> Your instructions: Word for word, restate the lines from the start of the data below through the line containing "using A i s".

> Record extracts:
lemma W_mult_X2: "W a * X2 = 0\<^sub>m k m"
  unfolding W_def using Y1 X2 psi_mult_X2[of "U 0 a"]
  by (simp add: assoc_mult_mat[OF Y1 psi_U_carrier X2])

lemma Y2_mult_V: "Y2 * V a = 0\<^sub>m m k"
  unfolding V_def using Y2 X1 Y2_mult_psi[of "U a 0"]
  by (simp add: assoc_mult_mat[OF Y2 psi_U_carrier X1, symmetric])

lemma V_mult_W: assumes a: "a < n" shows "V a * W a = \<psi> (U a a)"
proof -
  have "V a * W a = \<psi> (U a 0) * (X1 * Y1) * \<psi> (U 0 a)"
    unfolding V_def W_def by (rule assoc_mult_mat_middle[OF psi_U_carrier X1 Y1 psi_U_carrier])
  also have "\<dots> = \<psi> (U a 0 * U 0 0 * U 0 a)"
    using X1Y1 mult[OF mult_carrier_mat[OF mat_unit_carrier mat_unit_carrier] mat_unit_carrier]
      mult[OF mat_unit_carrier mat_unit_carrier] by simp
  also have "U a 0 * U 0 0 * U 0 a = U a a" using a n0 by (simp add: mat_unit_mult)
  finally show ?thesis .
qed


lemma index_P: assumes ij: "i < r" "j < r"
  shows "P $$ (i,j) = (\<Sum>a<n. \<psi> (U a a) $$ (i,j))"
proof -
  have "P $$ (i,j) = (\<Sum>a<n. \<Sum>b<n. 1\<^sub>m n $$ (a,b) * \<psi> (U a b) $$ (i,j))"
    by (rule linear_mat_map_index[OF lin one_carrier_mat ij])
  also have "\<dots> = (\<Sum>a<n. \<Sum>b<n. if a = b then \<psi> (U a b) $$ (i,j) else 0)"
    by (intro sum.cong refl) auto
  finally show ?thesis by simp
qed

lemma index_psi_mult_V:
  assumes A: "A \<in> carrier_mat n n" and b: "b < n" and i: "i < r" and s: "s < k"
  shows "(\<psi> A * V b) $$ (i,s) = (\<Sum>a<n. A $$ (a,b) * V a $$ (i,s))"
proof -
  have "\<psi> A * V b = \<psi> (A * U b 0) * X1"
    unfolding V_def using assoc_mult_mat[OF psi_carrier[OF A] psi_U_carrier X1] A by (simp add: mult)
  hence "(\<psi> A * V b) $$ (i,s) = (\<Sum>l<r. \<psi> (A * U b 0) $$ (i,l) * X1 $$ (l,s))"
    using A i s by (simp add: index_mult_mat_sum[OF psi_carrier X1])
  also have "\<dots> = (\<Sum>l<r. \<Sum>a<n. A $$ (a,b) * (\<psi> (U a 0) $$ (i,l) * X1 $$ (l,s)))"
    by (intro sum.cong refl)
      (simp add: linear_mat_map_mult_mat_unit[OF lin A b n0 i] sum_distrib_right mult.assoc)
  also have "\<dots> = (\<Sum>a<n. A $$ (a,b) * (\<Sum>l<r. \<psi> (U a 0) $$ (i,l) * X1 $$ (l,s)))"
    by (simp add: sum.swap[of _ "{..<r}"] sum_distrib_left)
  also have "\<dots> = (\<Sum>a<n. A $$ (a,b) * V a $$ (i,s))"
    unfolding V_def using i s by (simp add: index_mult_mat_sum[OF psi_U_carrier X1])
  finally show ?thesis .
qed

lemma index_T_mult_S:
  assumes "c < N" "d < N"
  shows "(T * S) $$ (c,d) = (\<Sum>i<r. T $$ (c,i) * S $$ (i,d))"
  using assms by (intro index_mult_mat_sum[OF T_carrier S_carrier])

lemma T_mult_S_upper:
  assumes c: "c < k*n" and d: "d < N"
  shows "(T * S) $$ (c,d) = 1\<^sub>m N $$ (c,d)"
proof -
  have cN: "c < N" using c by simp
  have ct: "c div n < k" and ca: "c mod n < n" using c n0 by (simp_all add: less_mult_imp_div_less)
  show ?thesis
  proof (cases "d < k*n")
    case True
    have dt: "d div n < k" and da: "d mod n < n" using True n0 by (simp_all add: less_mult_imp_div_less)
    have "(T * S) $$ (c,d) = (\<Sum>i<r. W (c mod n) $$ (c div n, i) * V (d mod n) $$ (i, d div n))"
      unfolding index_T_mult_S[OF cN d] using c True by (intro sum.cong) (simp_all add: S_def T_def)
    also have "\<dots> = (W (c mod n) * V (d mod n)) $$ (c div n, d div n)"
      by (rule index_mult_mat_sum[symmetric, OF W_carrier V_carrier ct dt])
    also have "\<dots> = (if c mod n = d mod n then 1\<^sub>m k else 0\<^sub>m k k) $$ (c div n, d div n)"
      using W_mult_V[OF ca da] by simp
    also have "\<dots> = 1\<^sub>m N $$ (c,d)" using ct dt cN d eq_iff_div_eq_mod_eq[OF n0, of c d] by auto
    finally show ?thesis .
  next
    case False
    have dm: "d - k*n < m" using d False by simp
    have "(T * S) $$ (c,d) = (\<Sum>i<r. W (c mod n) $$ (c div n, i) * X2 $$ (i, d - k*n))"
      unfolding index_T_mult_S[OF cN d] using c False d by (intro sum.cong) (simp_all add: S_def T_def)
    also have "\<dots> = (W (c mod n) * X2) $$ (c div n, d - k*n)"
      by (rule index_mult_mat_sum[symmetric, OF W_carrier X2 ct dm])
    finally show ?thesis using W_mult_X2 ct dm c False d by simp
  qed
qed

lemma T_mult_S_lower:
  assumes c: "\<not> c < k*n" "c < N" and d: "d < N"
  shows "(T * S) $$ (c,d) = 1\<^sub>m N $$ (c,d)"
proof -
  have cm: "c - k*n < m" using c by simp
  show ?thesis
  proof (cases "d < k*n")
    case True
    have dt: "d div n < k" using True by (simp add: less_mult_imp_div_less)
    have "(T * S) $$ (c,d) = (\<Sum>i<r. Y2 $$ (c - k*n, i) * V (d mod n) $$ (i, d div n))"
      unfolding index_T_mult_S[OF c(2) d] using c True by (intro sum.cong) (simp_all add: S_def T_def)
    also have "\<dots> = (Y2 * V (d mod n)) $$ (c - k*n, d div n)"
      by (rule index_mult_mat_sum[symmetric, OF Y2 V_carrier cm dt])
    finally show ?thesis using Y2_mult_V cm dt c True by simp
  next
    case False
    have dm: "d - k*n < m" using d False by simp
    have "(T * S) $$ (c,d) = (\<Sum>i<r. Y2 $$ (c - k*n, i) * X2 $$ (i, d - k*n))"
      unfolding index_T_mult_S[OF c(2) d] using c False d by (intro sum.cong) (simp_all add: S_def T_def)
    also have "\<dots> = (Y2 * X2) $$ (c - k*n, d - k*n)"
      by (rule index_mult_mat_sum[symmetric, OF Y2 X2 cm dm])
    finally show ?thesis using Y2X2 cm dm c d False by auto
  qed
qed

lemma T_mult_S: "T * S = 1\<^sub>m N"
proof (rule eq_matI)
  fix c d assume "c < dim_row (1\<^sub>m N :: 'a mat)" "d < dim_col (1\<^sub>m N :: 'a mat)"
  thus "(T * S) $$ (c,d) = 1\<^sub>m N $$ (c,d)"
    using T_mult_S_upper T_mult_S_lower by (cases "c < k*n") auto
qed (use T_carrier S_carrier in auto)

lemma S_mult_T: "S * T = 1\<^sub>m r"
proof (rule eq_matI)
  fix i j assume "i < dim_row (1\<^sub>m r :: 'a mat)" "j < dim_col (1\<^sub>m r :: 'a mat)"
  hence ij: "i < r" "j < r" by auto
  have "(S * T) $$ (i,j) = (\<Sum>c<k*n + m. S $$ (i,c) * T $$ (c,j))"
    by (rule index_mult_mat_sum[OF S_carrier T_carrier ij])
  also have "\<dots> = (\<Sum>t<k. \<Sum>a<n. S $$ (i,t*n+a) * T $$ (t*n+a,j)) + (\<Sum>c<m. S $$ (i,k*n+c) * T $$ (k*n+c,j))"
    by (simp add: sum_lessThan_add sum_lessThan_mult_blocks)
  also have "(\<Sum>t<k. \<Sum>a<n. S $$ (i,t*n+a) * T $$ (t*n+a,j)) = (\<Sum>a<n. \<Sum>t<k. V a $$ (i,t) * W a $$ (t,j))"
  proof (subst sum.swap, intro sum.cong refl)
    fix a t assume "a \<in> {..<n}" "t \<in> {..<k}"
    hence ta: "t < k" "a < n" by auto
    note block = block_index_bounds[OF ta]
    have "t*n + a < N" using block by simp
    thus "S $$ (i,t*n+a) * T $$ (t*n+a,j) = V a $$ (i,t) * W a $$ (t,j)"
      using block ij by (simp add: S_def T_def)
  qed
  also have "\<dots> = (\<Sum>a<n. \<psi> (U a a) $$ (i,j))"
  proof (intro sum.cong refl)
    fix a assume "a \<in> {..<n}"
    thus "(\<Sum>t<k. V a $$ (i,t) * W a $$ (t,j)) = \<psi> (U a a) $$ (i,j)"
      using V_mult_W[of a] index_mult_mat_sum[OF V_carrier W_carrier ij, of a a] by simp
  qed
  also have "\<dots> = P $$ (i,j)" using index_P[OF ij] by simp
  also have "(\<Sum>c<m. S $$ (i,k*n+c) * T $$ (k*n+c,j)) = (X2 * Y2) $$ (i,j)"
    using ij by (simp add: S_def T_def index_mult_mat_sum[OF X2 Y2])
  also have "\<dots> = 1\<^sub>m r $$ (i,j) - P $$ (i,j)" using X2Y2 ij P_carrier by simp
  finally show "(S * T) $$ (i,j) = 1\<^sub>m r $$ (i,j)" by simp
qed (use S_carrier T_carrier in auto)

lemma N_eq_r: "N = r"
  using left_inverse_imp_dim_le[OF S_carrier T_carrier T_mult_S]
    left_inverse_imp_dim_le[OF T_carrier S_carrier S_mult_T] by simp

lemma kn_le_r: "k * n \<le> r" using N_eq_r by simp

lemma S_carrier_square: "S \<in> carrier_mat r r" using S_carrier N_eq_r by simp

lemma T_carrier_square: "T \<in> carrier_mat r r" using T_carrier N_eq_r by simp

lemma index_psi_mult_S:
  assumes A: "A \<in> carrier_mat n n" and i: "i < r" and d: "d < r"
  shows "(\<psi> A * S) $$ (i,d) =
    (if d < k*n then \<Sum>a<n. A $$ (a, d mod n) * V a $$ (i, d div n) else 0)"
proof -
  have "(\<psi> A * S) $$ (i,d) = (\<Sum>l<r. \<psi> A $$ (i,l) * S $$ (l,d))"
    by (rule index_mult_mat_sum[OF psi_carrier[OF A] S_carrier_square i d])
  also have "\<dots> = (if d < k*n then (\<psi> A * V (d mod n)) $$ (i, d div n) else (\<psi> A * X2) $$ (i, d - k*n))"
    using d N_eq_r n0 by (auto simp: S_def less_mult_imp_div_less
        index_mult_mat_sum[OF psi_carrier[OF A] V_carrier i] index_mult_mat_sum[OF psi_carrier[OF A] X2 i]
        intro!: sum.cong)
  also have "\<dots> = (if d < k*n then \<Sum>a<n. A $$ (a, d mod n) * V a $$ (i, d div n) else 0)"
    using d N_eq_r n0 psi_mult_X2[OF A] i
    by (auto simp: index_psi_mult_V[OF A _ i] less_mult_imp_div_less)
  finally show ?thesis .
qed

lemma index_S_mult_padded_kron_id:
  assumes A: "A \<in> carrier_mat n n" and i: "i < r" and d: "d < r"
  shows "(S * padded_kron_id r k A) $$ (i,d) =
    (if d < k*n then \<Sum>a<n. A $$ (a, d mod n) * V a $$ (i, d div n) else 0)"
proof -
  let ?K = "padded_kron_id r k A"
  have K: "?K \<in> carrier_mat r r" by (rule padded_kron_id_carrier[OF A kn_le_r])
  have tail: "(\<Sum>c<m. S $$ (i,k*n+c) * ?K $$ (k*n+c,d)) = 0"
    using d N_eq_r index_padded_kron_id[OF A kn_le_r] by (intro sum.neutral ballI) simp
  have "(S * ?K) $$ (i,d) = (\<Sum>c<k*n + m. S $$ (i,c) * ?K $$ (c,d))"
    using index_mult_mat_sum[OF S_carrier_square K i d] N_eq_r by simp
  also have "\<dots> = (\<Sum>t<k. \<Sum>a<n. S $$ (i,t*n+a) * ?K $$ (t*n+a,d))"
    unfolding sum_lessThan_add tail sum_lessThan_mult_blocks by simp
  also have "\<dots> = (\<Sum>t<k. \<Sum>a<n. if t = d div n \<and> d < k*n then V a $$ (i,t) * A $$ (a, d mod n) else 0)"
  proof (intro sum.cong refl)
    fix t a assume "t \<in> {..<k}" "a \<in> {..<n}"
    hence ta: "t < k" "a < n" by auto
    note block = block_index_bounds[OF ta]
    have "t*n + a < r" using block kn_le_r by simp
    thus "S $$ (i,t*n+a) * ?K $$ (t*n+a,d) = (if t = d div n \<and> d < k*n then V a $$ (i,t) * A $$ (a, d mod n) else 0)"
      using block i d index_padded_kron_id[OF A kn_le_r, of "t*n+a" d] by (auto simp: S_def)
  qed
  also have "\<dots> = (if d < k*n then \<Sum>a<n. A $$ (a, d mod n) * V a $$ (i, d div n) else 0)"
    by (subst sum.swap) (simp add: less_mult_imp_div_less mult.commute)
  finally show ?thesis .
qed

> Task answer:
lemma W_mult_X2: "W a * X2 = 0\<^sub>m k m"
  unfolding W_def using Y1 X2 psi_mult_X2[of "U 0 a"]
  by (simp add: assoc_mult_mat[OF Y1 psi_U_carrier X2])

lemma Y2_mult_V: "Y2 * V a = 0\<^sub>m m k"
  unfolding V_def using Y2 X1 Y2_mult_psi[of "U a 0"]
  by (simp add: assoc_mult_mat[OF Y2 psi_U_carrier X1, symmetric])

lemma V_mult_W: assumes a: "a < n" shows "V a * W a = \<psi> (U a a)"
proof -
  have "V a * W a = \<psi> (U a 0) * (X1 * Y1) * \<psi> (U 0 a)"
    unfolding V_def W_def by (rule assoc_mult_mat_middle[OF psi_U_carrier X1 Y1 psi_U_carrier])
  also have "\<dots> = \<psi> (U a 0 * U 0 0 * U 0 a)"
    using X1Y1 mult[OF mult_carrier_mat[OF mat_unit_carrier mat_unit_carrier] mat_unit_carrier]
      mult[OF mat_unit_carrier mat_unit_carrier] by simp
  also have "U a 0 * U 0 0 * U 0 a = U a a" using a n0 by (simp add: mat_unit_mult)
  finally show ?thesis .
qed


lemma index_P: assumes ij: "i < r" "j < r"
  shows "P $$ (i,j) = (\<Sum>a<n. \<psi> (U a a) $$ (i,j))"
proof -
  have "P $$ (i,j) = (\<Sum>a<n. \<Sum>b<n. 1\<^sub>m n $$ (a,b) * \<psi> (U a b) $$ (i,j))"
    by (rule linear_mat_map_index[OF lin one_carrier_mat ij])
  also have "\<dots> = (\<Sum>a<n. \<Sum>b<n. if a = b then \<psi> (U a b) $$ (i,j) else 0)"
    by (intro sum.cong refl) auto
  finally show ?thesis by simp
qed

lemma index_psi_mult_V:
  assumes A: "A \<in> carrier_mat n n" and b: "b < n" and i: "i < r" and s: "s < k"
  shows "(\<psi> A * V b) $$ (i,s) = (\<Sum>a<n. A $$ (a,b) * V a $$ (i,s))"
proof -
  have "\<psi> A * V b = \<psi> (A * U b 0) * X1"
    unfolding V_def using assoc_mult_mat[OF psi_carrier[OF A] psi_U_carrier X1] A by (simp add: mult)
  hence "(\<psi> A * V b) $$ (i,s) = (\<Sum>l<r. \<psi> (A * U b 0) $$ (i,l) * X1 $$ (l,s))"
    using A i s by (simp add: index_mult_mat_sum[OF psi_carrier X1])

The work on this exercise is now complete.